Francis said that, as of late Wednesday, authorities had recovered the bodies of 113 of the 230 persons who are believed to have died in the crash, made positive identifications on 95 of them and tentative identifications on 12 and notified the families of 94.

He also disclosed that the Navy is bringing in a new, experimental “laser-line scanner” that has proven capable of identifying human bodies under water. The equipment, which uses a pair of laser beams and prisms to locate remains, will arrive in one or two days.

There were these other developments:

* Assistant FBI Director James K. Kallstrom declined to comment on reports that authorities have found fragments of metal in some of the bodies that have been recovered. Such an outcome is to be expected after an explosion, he said. The important issue is the cause of the blast.

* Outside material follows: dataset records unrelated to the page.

lemma card_triples: "card (triples n) = n choose 3"
proof (induction n)
  case 0
  have "triples 0 = {}" by (auto simp: triples_def)
  then show ?case by (simp add: eval_nat_numeral)
next
  case (Suc n)
  have "triples (Suc n) = triples n \<union> (\<lambda>(a, b). (a, b, Suc n)) ` edges 1 n"
    by (auto simp: triples_def edges_def image_iff le_Suc_eq)
  moreover have "triples n \<inter> (\<lambda>(a, b). (a, b, Suc n)) ` edges 1 n = {}"
    by (auto simp: triples_def)
  ultimately have "card (triples (Suc n)) = card (triples n) + card ((\<lambda>(a, b). (a, b, Suc n)) ` edges 1 n)"
    by (simp add: card_Un_disjoint)
  also have "card ((\<lambda>(a, b). (a, b, Suc n)) ` edges 1 n) = n choose 2"
    by (subst card_image, force simp: inj_on_def, rule card_edges)
  finally show ?case using Suc by (simp add: numeral_3_eq_3 numeral_2_eq_2)
qed

lemma card_quadruples: "card (quadruples n) = n choose 4"
proof (induction n)
  case 0
  have "quadruples 0 = {}" by (auto simp: quadruples_def)
  then show ?case by (simp add: eval_nat_numeral)
next
  case (Suc n)
  have "quadruples (Suc n) = quadruples n \<union> (\<lambda>(a, b, c). (a, b, c, Suc n)) ` triples n"
    by (auto simp: quadruples_def triples_def image_iff le_Suc_eq)
  moreover have "quadruples n \<inter> (\<lambda>(a, b, c). (a, b, c, Suc n)) ` triples n = {}"
    by (auto simp: quadruples_def)
  ultimately have "card (quadruples (Suc n)) =
      card (quadruples n) + card ((\<lambda>(a, b, c). (a, b, c, Suc n)) ` triples n)"
    by (simp add: card_Un_disjoint)
  also have "card ((\<lambda>(a, b, c). (a, b, c, Suc n)) ` triples n) = n choose 3"
    by (subst card_image) (auto simp: inj_on_def card_triples)
  finally show ?case using Suc by (simp add: eval_nat_numeral)
qed

lemma choose_2_times: "2 * (n choose 2) = n * (n - 1)"
  by (induction n) (auto simp: numeral_2_eq_2 algebra_simps)

lemma choose_3_times: "6 * (n choose 3) = n * (n - 1) * (n - 2)"
proof (induction n)
  case (Suc n)
  have "Suc n choose 3 = (n choose 2) + (n choose 3)"
    by (simp add: numeral_3_eq_3 numeral_2_eq_2)
  then show ?case using Suc choose_2_times[of n] by (cases n) (auto simp: algebra_simps)
qed (simp add: numeral_3_eq_3)

lemma choose_4_times: "24 * (n choose 4) = n * (n - 1) * (n - 2) * (n - 3)"
proof (induction n)
  case (Suc n)
  have step: "Suc n choose 4 = (n choose 3) + (n choose 4)"
    by (simp add: eval_nat_numeral)
  show ?case
  proof (cases "n < 3")
    case True
    then show ?thesis by (auto simp: binomial_eq_0 less_Suc_eq)
  next
    case False
    then obtain m where "n = m + 3" using le_Suc_ex[of 3 n] by (auto simp: add.commute)
    then show ?thesis using Suc step choose_3_times[of n] by (simp add: algebra_simps)
  qed
qed (simp add: eval_nat_numeral)

lemma sum_products_of_three:
  "4 * (\<Sum>i<m. (i + 1) * (i + 2) * (i + 3)) = m * (m + 1) * (m + 2) * (m + 3)" for m :: nat
  by (induction m) (auto simp: algebra_simps)

lemma sum_Suc_minus: "2 * (\<Sum>i<m. Suc i - x) = (m - x) * (m + 1 - x)"
proof (induction m)
  case (Suc m)
  show ?case
  proof (cases "x \<le> m")
    case True
    then obtain d where "m = x + d" by (metis le_add_diff_inverse)
    then show ?thesis using Suc by (simp add: algebra_simps)
  qed (use Suc in simp)
qed simp

text \<open>For an edge of index \<open>x \<le> K\<close> in \<open>K\<^sub>n\<close>, \<open>n = 2K + c + 1\<close>, the product \<open>L(e) R(e) = x (n - 2 - x)\<close>
  is an affine function of the weights \<open>(i + 1 - x)\<^sup>+\<close>, \<open>i < K\<close>, with positive coefficients.\<close>

lemma edge_product_identity:
  fixes x K c :: nat
  assumes "x \<le> K" "1 \<le> c"
  shows "x * (2 * K + c - 1 - x) + 2 * (\<Sum>i<K - 1. Suc i - x) + c * (K - x) = K * (K + c - 1)"
proof -
  obtain d where d: "K = x + d" using assms by (metis le_add_diff_inverse)
  obtain c' where c: "c = Suc c'" using assms by (cases c) auto
  have "2 * (\<Sum>i<K - 1. Suc i - x) = (K - 1 - x) * (K - x)"
    using sum_Suc_minus[where m = "K - 1" and x = x] assms by (cases K) auto
  moreover have "x * (2 * K + c - 1 - x) + (K - 1 - x) * (K - x) + c * (K - x) = K * (K + c - 1)"
    using d c by (cases d) (auto simp: algebra_simps)
  ultimately show ?thesis by simp
qed

lemma sum_nleft_nright_plus_E_weights:
  assumes "4 \<le> n"
  defines "K \<equiv> n div 2 - 1"
  defines "c \<equiv> n - 1 - 2 * K"
  shows "(\<Sum>(p, q)\<in>edges 1 n. nleft pg 1 n p q * nright pg 1 n p q)
      + 2 * (\<Sum>i<K - 1. E_weight pg 1 n (Suc i)) + c * E_weight pg 1 n K
    = (n choose 2) * (K * (K + c - 1))"
proof -
  have n: "n = 2 * K + c + 1" "1 \<le> c" "c \<le> 2" unfolding c_def K_def using assms(1) by auto
  have per_edge: "nleft pg 1 n p q * nright pg 1 n p q
      + 2 * (\<Sum>i<K - 1. Suc i - edge_index pg 1 n p q) + c * (K - edge_index pg 1 n p q)
      = K * (K + c - 1)" if "(p, q) \<in> edges 1 n" for p q
  proof -
    define x where "x = edge_index pg 1 n p q"
    have "nleft pg 1 n p q + nright pg 1 n p q = 2 * K + c - 1"
      using that nleft_plus_nright[of p 1 n q pg] n by (auto simp: edges_def)
    then have "nleft pg 1 n p q * nright pg 1 n p q = x * (2 * K + c - 1 - x)" and "x \<le> K"
      using n(3) unfolding x_def edge_index_def min_def by auto
    then show ?thesis using edge_product_identity[of x K c] n unfolding x_def by simp
  qed
  have "(\<Sum>(p, q)\<in>edges 1 n. nleft pg 1 n p q * nright pg 1 n p q
      + 2 * (\<Sum>i<K - 1. Suc i - edge_index pg 1 n p q) + c * (K - edge_index pg 1 n p q))
    = (n choose 2) * (K * (K + c - 1))"
    using per_edge card_edges[of n] by (simp add: case_prod_beta)
  moreover have "(\<Sum>(p, q)\<in>edges 1 n. 2 * (\<Sum>i<K - 1. Suc i - edge_index pg 1 n p q))
      = 2 * (\<Sum>i<K - 1. E_weight pg 1 n (Suc i))"
    unfolding E_weight_def by (simp add: sum_distrib_left case_prod_beta) (rule sum.swap)
  moreover have "(\<Sum>(p, q)\<in>edges 1 n. c * (K - edge_index pg 1 n p q)) = c * E_weight pg 1 n K"
    unfolding E_weight_def by (simp add: sum_distrib_left case_prod_beta)
  ultimately show ?thesis by (simp add: sum.distrib case_prod_beta)
qed

lemma crossing_number_identity:
  fixes n :: nat
  assumes "4 \<le> n"
  defines "K \<equiv> n div 2 - 1"
  defines "c \<equiv> n - 1 - 2 * K"
  shows "2 * ((n div 2) * ((n - 1) div 2) * ((n - 2) div 2) * ((n - 3) div 2))
      + 4 * (n * (n - 1)) * (K * (K + c - 1))
    = n * (n - 1) * (n - 2) * (n - 3) + 2 * ((K - 1) * K * (K + 1) * (K + 2)) + 4 * c * (K * (K + 1) * (K + 2))"
proof -
  define t where "t = (n - 4) div 2"
  have "n = 2 * t + 4 \<or> n = 2 * t + 5" using assms(1) unfolding t_def by presburger
  then show ?thesis
  proof
    assume n: "n = 2 * t + 4"
    have "n div 2 = t + 2" "(n - 1) div 2 = t + 1" "(n - 2) div 2 = t + 1" "(n - 3) div 2 = t"
      "K = t + 1" "c = 1"
      unfolding K_def c_def using n by presburger+
    then show ?thesis unfolding n by (simp add: algebra_simps)
  next
    assume n: "n = 2 * t + 5"
    have "n div 2 = t + 2" "(n - 1) div 2 = t + 2" "(n - 2) div 2 = t + 1" "(n - 3) div 2 = t + 1"
      "K = t + 1" "c = 2"
      unfolding K_def c_def using n by presburger+
    then show ?thesis unfolding n by (simp add: algebra_simps)
  qed
qed
lemma G_special_grann_deg:
  assumes "0 < p" "frob_submodule sm X N" "Gamma_x X \<subseteq> N"
  shows "G_special sm X (grann_deg N 0)"
proof -
  have "grann_deg N n = grann_deg N 0" for n
    by (induction n) (simp_all add: grann_deg_Suc[OF assms(1,2)])
  then show ?thesis using assms(2,3) unfolding G_special_iff by blast
qed

text \<open>The preimage in H of the elements of G = H/Gamma_x(H) killed by every c x^n.\<close>
definition cx_kernel :: "'a \<Rightarrow> 'h set" where
  "cx_kernel c = {g. \<forall>n. sm c ((X ^^ n) g) \<in> Gamma_x X}"

lemma frob_submodule_cx_kernel: "frob_submodule sm X (cx_kernel c)"
  unfolding frob_submodule_def
proof (intro conjI ballI allI)
  show "0 \<in> cx_kernel c" unfolding cx_kernel_def by (simp add: Xpow_zero zero_in_Gamma)
next
  fix g h assume "g \<in> cx_kernel c" "h \<in> cx_kernel c"
  then show "g + h \<in> cx_kernel c" unfolding cx_kernel_def
    by (simp add: Xpow_add scale_right_distrib Gamma_add)
next
  fix r h assume h: "h \<in> cx_kernel c"
  have "sm c ((X ^^ n) (sm r h)) \<in> Gamma_x X" for n
  proof -
    have "sm c ((X ^^ n) (sm r h)) = sm (r ^ p ^ n) (sm c ((X ^^ n) h))"
      by (simp add: Xpow_scale mult.commute)
    then show ?thesis using h Gamma_scale unfolding cx_kernel_def by (simp del: scale_scale)
  qed
  then show "sm r h \<in> cx_kernel c" unfolding cx_kernel_def by simp
next
  fix h assume "h \<in> cx_kernel c"
  then have "sm c ((X ^^ Suc n) h) \<in> Gamma_x X" for n unfolding cx_kernel_def by blast
  then have "sm c ((X ^^ n) (X h)) \<in> Gamma_x X" for n by (simp only: funpow_Suc_right o_apply)
  then show "X h \<in> cx_kernel c" unfolding cx_kernel_def by blast
qed

lemma Gamma_subset_cx_kernel: "Gamma_x X \<subseteq> cx_kernel c"
  unfolding cx_kernel_def by (auto intro: Gamma_Xpow Gamma_scale)

lemma mem_grann_deg_cx_kernel: "c \<in> grann_deg (cx_kernel c) 0"
  unfolding grann_deg_def cx_kernel_def by (auto dest: spec[of _ 0])
(* In the setting of the blurring mean-shift iteration with $f$ PDD and fixed positive weights, let $C_1=\bigcap_{t\ge0}C_1^{(t)}$ where $C_1^{(t)}$ is the convex hull of $\{x_1^{(t)},\dots,x_N^{(t)}\}$. Suppose $i$ is an index such that $x_i^{(t)}\to v$ as $t\to\infty$ for some vertex $v$ of $C_1$. Then for every index $j$ such that $\lim_{t\to\infty}x_j^{(t)}\neq v$, we have $\lim_{t\to\infty}f(x_i^{(t)}-x_j^{(t)})=0$.
   Context: Setting: $x_1,\dots,x_N\in\mathbb{R}^p$, fixed weights $w_1,\dots,w_N>0$, and $f:\mathbb{R}^p\to[0,1]$ PDD, meaning: $f(u)=1$ iff $u=0$; $f(u)=\varphi(\|u\|)$ for some $\varphi:[0,\infty)\to[0,1]$; $\varphi$ is decreasing (non-increasing). The blurring mean-shift iteration is $x_i^{(0)}=x_i$ and $x_i^{(t+1)}=\frac{\sum_{j=1}^N f(x_i^{(t)}-x_j^{(t)})w_jx_j^{(t)}}{\sum_{j=1}^N f(x_i^{(t)}-x_j^{(t)})w_j}$. *)

theory Defs
  imports "HOL-Analysis.Analysis"
begin

text \<open>Blurring mean-shift iteration on points indexed by 0..N-1.
  bms f w N x0 t i is the point x_i^(t).\<close>
primrec bms :: "('a::real_normed_vector \<Rightarrow> real) \<Rightarrow> (nat \<Rightarrow> real) \<Rightarrow> nat
    \<Rightarrow> (nat \<Rightarrow> 'a) \<Rightarrow> nat \<Rightarrow> nat \<Rightarrow> 'a" where
  "bms f w N x0 0 = x0"
| "bms f w N x0 (Suc t) =
     (\<lambda>i. (\<Sum>j<N. (f (bms f w N x0 t i - bms f w N x0 t j) * w j) *\<^sub>R bms f w N x0 t j)
          /\<^sub>R (\<Sum>j<N. f (bms f w N x0 t i - bms f w N x0 t j) * w j))"

definition PDD :: "('a::real_normed_vector \<Rightarrow> real) \<Rightarrow> bool" where
  "PDD f \<longleftrightarrow> (\<forall>u. 0 \<le> f u \<and> f u \<le> 1) \<and> (\<forall>u. f u = 1 \<longleftrightarrow> u = 0) \<and>
     (\<exists>\<phi>::real \<Rightarrow> real. (\<forall>u. f u = \<phi> (norm u)) \<and>
        (\<forall>r s. 0 \<le> r \<longrightarrow> r \<le> s \<longrightarrow> \<phi> s \<le> \<phi> r))"

end

theory Submission
  imports Defs "HOL-Library.Infinite_Set"
begin

text \<open>One step of the iteration writes \<open>x\<^sub>i(t+1)\<close> as a convex combination
  \<open>\<alpha>\<^sub>t x\<^sub>j(t) + (1 - \<alpha>\<^sub>t) q\<^sub>t\<close> with \<open>q\<^sub>t\<close> in the current hull and
  \<open>\<alpha>\<^sub>t \<ge> f(x\<^sub>i(t) - x\<^sub>j(t)) w\<^sub>j / \<Sum>w\<close>. The hulls are nested and compact, so if
  \<open>\<alpha>\<^sub>t\<close> stayed away from 0 along a subsequence, a further subsequence would exhibit
  the limit \<open>v\<close> of \<open>x\<^sub>i\<close> as a proper convex combination of the limit \<open>u \<noteq> v\<close> of
  \<open>x\<^sub>j\<close> and a point of \<open>C\<^sub>1\<close>, contradicting that \<open>v\<close> is extreme in \<open>C\<^sub>1\<close>.\<close>

lemma weighted_mean_in_convex_hull:
  fixes y :: "'b \<Rightarrow> 'a::real_vector"
  assumes "finite A" "\<And>k. k \<in> A \<Longrightarrow> 0 \<le> a k" "0 < sum a A"
  shows "(\<Sum>k\<in>A. a k *\<^sub>R y k) /\<^sub>R sum a A \<in> convex hull (y ` A)"
proof -
  have "(\<Sum>k\<in>A. (a k / sum a A) *\<^sub>R y k) \<in> convex hull (y ` A)"
  proof (rule convex_sum[OF assms(1) convex_convex_hull])
    show "(\<Sum>k\<in>A. a k / sum a A) = 1"
      using assms(3) by (simp add: sum_divide_distrib[symmetric])
    show "\<And>k. k \<in> A \<Longrightarrow> 0 \<le> a k / sum a A"
      using assms(2,3) by simp
    show "\<And>k. k \<in> A \<Longrightarrow> y k \<in> convex hull (y ` A)"
      by (simp add: hull_inc)
  qed
  then show ?thesis
    by (simp add: scaleR_sum_right divide_inverse_commute mult.commute)
qed

lemma weighted_mean_split_off:
  fixes y :: "'b \<Rightarrow> 'a::real_vector"
  assumes "finite A" "j \<in> A" "\<And>k. k \<in> A \<Longrightarrow> 0 \<le> a k" "0 < sum a A"
  obtains q where "q \<in> convex hull (y ` A)"
    and "(\<Sum>k\<in>A. a k *\<^sub>R y k) /\<^sub>R sum a A
           = (a j / sum a A) *\<^sub>R y j + (1 - a j / sum a A) *\<^sub>R q"
proof -
  define B where "B = A - {j}"
  have split: "sum g A = g j + sum g B" for g :: "'b \<Rightarrow> 'c::comm_monoid_add"
    unfolding B_def using assms(1,2) by (rule sum.remove)
  have hull_B: "convex hull (y ` B) \<subseteq> convex hull (y ` A)"
    unfolding B_def by (intro hull_mono image_mono) auto
  have B_nonneg: "0 \<le> a k" if "k \<in> B" for k
    using assms(3) that by (simp add: B_def)
  show ?thesis
  proof (cases "sum a B = 0")
    case True
    then have "\<forall>k\<in>B. a k = 0"
      using B_nonneg assms(1) sum_nonneg_eq_0_iff[of B a] unfolding B_def by blast
    then have "(\<Sum>k\<in>A. a k *\<^sub>R y k) /\<^sub>R sum a A = (a j / sum a A) *\<^sub>R y j + (1 - a j / sum a A) *\<^sub>R y j"
      using True assms(4) by (simp add: split[of a] split[of "\<lambda>k. a k *\<^sub>R y k"] algebra_simps)
    moreover have "y j \<in> convex hull (y ` A)"
      using assms(2) by (simp add: hull_inc)
    ultimately show ?thesis
      using that by blast
  next
    case False
    then have "0 < sum a B"
      using B_nonneg sum_nonneg by (metis order_le_less)
    define q where "q = (\<Sum>k\<in>B. a k *\<^sub>R y k) /\<^sub>R sum a B"
    have "q \<in> convex hull (y ` A)"
      using weighted_mean_in_convex_hull[OF _ B_nonneg \<open>0 < sum a B\<close>] hull_B assms(1)
      by (auto simp: q_def B_def)
    moreover have "1 - a j / sum a A = sum a B / sum a A"
      using split[of a] assms(4) by (simp add: field_simps)
    then have "(\<Sum>k\<in>A. a k *\<^sub>R y k) /\<^sub>R sum a A = (a j / sum a A) *\<^sub>R y j + (1 - a j / sum a A) *\<^sub>R q"
      using False by (simp add: split[of "\<lambda>k. a k *\<^sub>R y k"] q_def scaleR_add_right divide_inverse_commute)
    ultimately show ?thesis by (rule that)
  qed
qed

lemma extreme_point_of_convex_combination:
  fixes v :: "'a::real_vector"
  assumes "v extreme_point_of K" "u \<in> K" "q \<in> K"
    and "v = a *\<^sub>R u + (1 - a) *\<^sub>R q" "0 < a" "a \<le> 1"
  shows "u = v"
proof (rule ccontr)
  assume "u \<noteq> v"
  have "a \<noteq> 1"
    using \<open>u \<noteq> v\<close> assms(4) by auto
  have "u \<noteq> q"
  proof
    assume "u = q"
    then have "v = u"
      using assms(4) by (simp flip: scaleR_left_distrib)
    with \<open>u \<noteq> v\<close> show False by simp
  qed
  have "v = (1 - (1 - a)) *\<^sub>R u + (1 - a) *\<^sub>R q"
    using assms(4) by simp
  then have "v \<in> open_segment u q"
    unfolding in_segment using \<open>a \<noteq> 1\<close> \<open>u \<noteq> q\<close> assms(5,6)
    by (intro conjI exI[of _ "1 - a"]) simp_all
  then show False
    using assms(1-3) unfolding extreme_point_of_def by blast
qed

* Chief NTSB investigator Al Dickinson told reporters that authorities had “no evidence” so far that Flight 800 had leveled off at 9,000 feet after plunging from an altitude of 13,700 feet--a theory propounded by those who suspect that a missile may have brought the plane down.

Francis said that three major salvage vessels in the crash area have spent most of the day positioning themselves for the recovery process and anchoring so that they can move with precision to haul up parts of the aircraft.

“Certain amounts of wreckage have been coming up to the surface in what I would call the prime area for potentially finding both victims and wreckage,” Francis told reporters at a briefing.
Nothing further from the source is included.